Samsung supplier shuts down in Suzhou

Samsung w

On its corporate website BKE&T, a screen manufacturer and a supplier for Samsung, describes its employees as fearless and full of passion. Both attributes have been very clearly on display over the past month after the company’s Chinese workers decided they would not take their plant’s closure in Suzhou lightly.

Their South Korean employers, meanwhile, demonstrated the company’s maxim of ‘speedy management’ having suddenly disappeared a few weeks earlier.

As Caixin Weekly and China Times have both reported, the company’s HR department posted a leave notification on June 24, informing the plant’s 600 workers that production was being temporarily halted as the company had no orders. It said production would resume at the earliest on July 6 after the general manager returned from Korea with new orders in hand for its TFT-LCD screens.

However, the employees decided to take the unexplained departure of BKE&T’s legal representative and CFO as a more accurate indicator of what was to come. So they began demanding compensation outside a second Samsung plant in the Wujiang Industrial Park. Suppliers, who had been owed money since December, also joined them.

Caixin Weekly and China Times agree that in retrospect the warning signs had been there for a while. BKE&T has been barring its middle-ranking Chinese executives from attending management meetings since the middle of last year. The warehouse, which stocked the raw materials to produce the company’s TVs and smartphone display panels, had suddenly been cleared on June 19.

The situation was only resolved after a group of employees indulged in a spot of boss-napping, holding four South Korean managers against their will. A local labour bureau then intervened and negotiated a termination plan, which will see employees receive one month’s salary for every year they have been employed.

Both news outlets have also been reflecting on the bigger picture in respect to the closure. Was it due to poor local management, or a sign of wider difficulties within the Samsung Group? Like so much of corporate Korea, BKE&T has a complicated lineage. Its parent, Bokwang Group, houses a number of Samsung spin-offs and is run by Hong Seok-gyu, brother-in-law of Samsung chairman Lee Kun-hee.

According to a filing with the Korean Stock Exchange, BKE&T submitted a restructuring plan with the Korean courts on June 17 after running up losses because of a sudden “market drop for the products of its main customer Nokia”.

Both Nokia and Samsung have seen their margins and revenues threatened by cheaper Chinese rivals such as Xiaomi, ZTE and Huawei. In the premium section of the market, Samsung has also been losing out to Apple since it started selling large screen iPhones.
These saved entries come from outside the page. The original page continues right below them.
text \<open>Along a word the morphism \<open>\<sigma>\<^sub>i\<^sub>n \<circ> \<dots> \<circ> \<sigma>\<^sub>i\<^sub>1\<close> maps \<open>R\<^sup>a\<close> bijectively onto \<open>R\<^sup>b\<close>, and
  real roots are roots; with connectedness this gives (1) \<open>\<Leftrightarrow>\<close> (2) \<open>\<Rightarrow>\<close> (3).

  (3) \<open>\<Rightarrow>\<close> (4): a morphism into \<open>a\<close> is linear, hence determined by the images of the simple
  roots, which are real roots at \<open>a\<close>; so there are finitely many maps into \<open>a\<close>. The source is
  determined by the target and the map: a loop with identity map has no inversions (positive roots
  sent to negative ones), and a morphism without inversions is an identity. This last fact is
  the exchange property of Heckenberger and Yamane -- a reduced word that stays reduced after
  appending \<open>k\<close> does not invert \<open>\<alpha>\<^sub>k\<close> -- proved by induction on the length, reducing to rank
  two, where (R4) yields the braid relations.

  (4) \<open>\<Rightarrow>\<close> (2): a word from \<open>a\<close> with the maximal number of inversions inverts every simple root;
  then every positive root at its target is minus the image of one of its finitely many
  inversions.\<close>

lemma nonneg_int_combination_eq_1:
  fixes a b p q :: int
  assumes "p \<ge> 0" "q \<ge> 0" "a \<ge> 1" "b \<ge> 1" "p * a + q * b = 1"
  shows "(p = 1 \<and> q = 0) \<or> (p = 0 \<and> q = 1)"
proof -
  have "p \<le> p * a" "q \<le> q * b"
    using assms mult_le_cancel_left1[of p a] mult_le_cancel_left1[of q b] by auto
  with assms show ?thesis by (smt (verit) mult_eq_0_iff)
qed
(* Let $a_n$ denote the number of subrings of $\mathbb{Z}[t]/(t^3)$ of index $n$. Then \[ \sum_{n\le B} a_n\sim \frac{1}{12\,\zeta(2)}\,B\,(\ln B)^2\qquad\text{as } B\to\infty . \]
   Context: A subring of $\mathbb{Z}[t]/(t^3)$ means an additive subgroup of finite index that contains $1$ and is closed under multiplication. The index is its index as an additive subgroup. $\zeta$ denotes the Riemann zeta function. *)

theory Defs
  imports Complex_Main "HOL-Library.Landau_Symbols" "HOL-Library.Product_Plus"
begin

text \<open>The ring Z[t]/(t^3), modelled on int \<times> int \<times> int: the triple (a,b,c)
  stands for a + b t + c t^2.\<close>

type_synonym trunc3 = "int \<times> int \<times> int"

definition t3_one :: trunc3 where
  "t3_one = (1, 0, 0)"

definition t3_mult :: "trunc3 \<Rightarrow> trunc3 \<Rightarrow> trunc3" where
  "t3_mult x y = (case x of (a0, a1, a2) \<Rightarrow> case y of (b0, b1, b2) \<Rightarrow>
      (a0 * b0, a0 * b1 + a1 * b0, a0 * b2 + a1 * b1 + a2 * b0))"

definition is_add_subgroup :: "trunc3 set \<Rightarrow> bool" where
  "is_add_subgroup S \<longleftrightarrow> 0 \<in> S \<and> (\<forall>x\<in>S. \<forall>y\<in>S. x + y \<in> S) \<and> (\<forall>x\<in>S. - x \<in> S)"

definition cosets3 :: "trunc3 set \<Rightarrow> trunc3 set set" where
  "cosets3 S = (\<lambda>x. (\<lambda>s. x + s) ` S) ` UNIV"

definition subgroup_index :: "trunc3 set \<Rightarrow> nat" where
  "subgroup_index S = card (cosets3 S)"
lemma abs_higher_deriv_residuals_le:
  fixes x :: real
  assumes \<alpha>: "9/10 < \<alpha>" "\<alpha> < 1" and i: "i \<le> 3" "i = 0 \<or> sin x \<noteq> 0"
  shows "\<bar>(deriv ^^ i) (omega_res \<alpha>) x\<bar> + \<bar>(deriv ^^ i) (u_res \<alpha>) x\<bar>
    \<le> 68 * \<bar>\<alpha> - 1\<bar> * \<bar>sin x\<bar> powr (kappa - real i)"
proof -
  define T where "T = \<bar>sin x\<bar> powr (kappa - real i)"
  define B where "B = (1 - \<alpha>) * T"
  have "\<bar>(deriv ^^ i) (omega_res \<alpha>) x\<bar> \<le> 45 * B"
    unfolding B_def T_def mult.assoc[symmetric] using \<alpha> i by (intro abs_higher_deriv_omega_res_le) auto
  moreover have "\<bar>(deriv ^^ i) (u_res \<alpha>) x\<bar> \<le> 45 * ((1 - (1 + \<alpha>) / 2) * T)"
    unfolding T_def u_res_eq_omega_res mult.assoc[symmetric] using \<alpha> i
    by (intro abs_higher_deriv_omega_res_le) auto
  ultimately have "\<bar>(deriv ^^ i) (omega_res \<alpha>) x\<bar> + \<bar>(deriv ^^ i) (u_res \<alpha>) x\<bar>
      \<le> 45 * B + 45 * ((1 - (1 + \<alpha>) / 2) * T)"
    by (rule add_mono)
  also have "\<dots> = 135 / 2 * B"
    by (simp add: B_def field_simps)
  also have "\<dots> \<le> 68 * B"
    using \<alpha> by (simp add: B_def T_def)
  also have "\<dots> = 68 * \<bar>\<alpha> - 1\<bar> * \<bar>sin x\<bar> powr (kappa - real i)"
    using \<alpha> by (simp add: B_def T_def)
  finally show ?thesis .
qed

section \<open>The stream function\<close>

lemma periodic_representative:
  fixes f :: "real \<Rightarrow> 'a"
  assumes periodic: "\<And>x. f (x + p) = f x" and "0 < p"
  obtains y where "a \<le> y" "y \<le> a + p" "f y = f x"
proof -
  interpret periodic_fun_simple f p
    by standard (rule periodic)
  define k where "k = \<lfloor>(x - a) / p\<rfloor>"
  have "of_int k * p \<le> x - a" "x - a < (of_int k + 1) * p"
    unfolding k_def using \<open>0 < p\<close> by (auto intro: floor_divide_lower floor_divide_upper)
  moreover have "f (x - of_int k * p) = f x"
    by (rule minus_of_int)
  ultimately show ?thesis
    using that[of "x - of_int k * p"] by (simp add: algebra_simps)
qed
BKE&T’s Chinese employees tell Caixin Weekly that Samsung set all the plant’s prices, selected its suppliers and purchased all of its output. At its height the plant had been operating 24 production lines and employed 1,000 staff. Earlier this year, this had been whittled down to just four production lines.

Another employee informs China Times the plant had been recording a gross margin of 8%, although almost two thirds of this was being repatriated back to Korea in the form of a technical support fee. He also complained that the plant had to pay depreciation fees even though most of the equipment, which had been shipped in from Korea, was already very old.

A Samsung representative tells Caixin Weekly the closure of one foundry does not signify wider troubles at the group even though its Chinese mobile phone shipments were only 9.3 million units during the first quarter, 54.8% down on the same period last year. During the second quarter, Samsung Electronics also posted its seventh straight profit decline, with revenues coming in 8% below analysts’ estimates. Since the middle of March the stock has slid 18.5%.

Recent events do not play well for Samsung’s stated grand plans for China where it ranks as one of the country’s largest foreign investors. As recently as January, its Greater China president Zhang Yuanyi was telling Guangzhou Daily the group planned total investments in the country of $30 billion by 2030, up from $16.8 billion in 2013.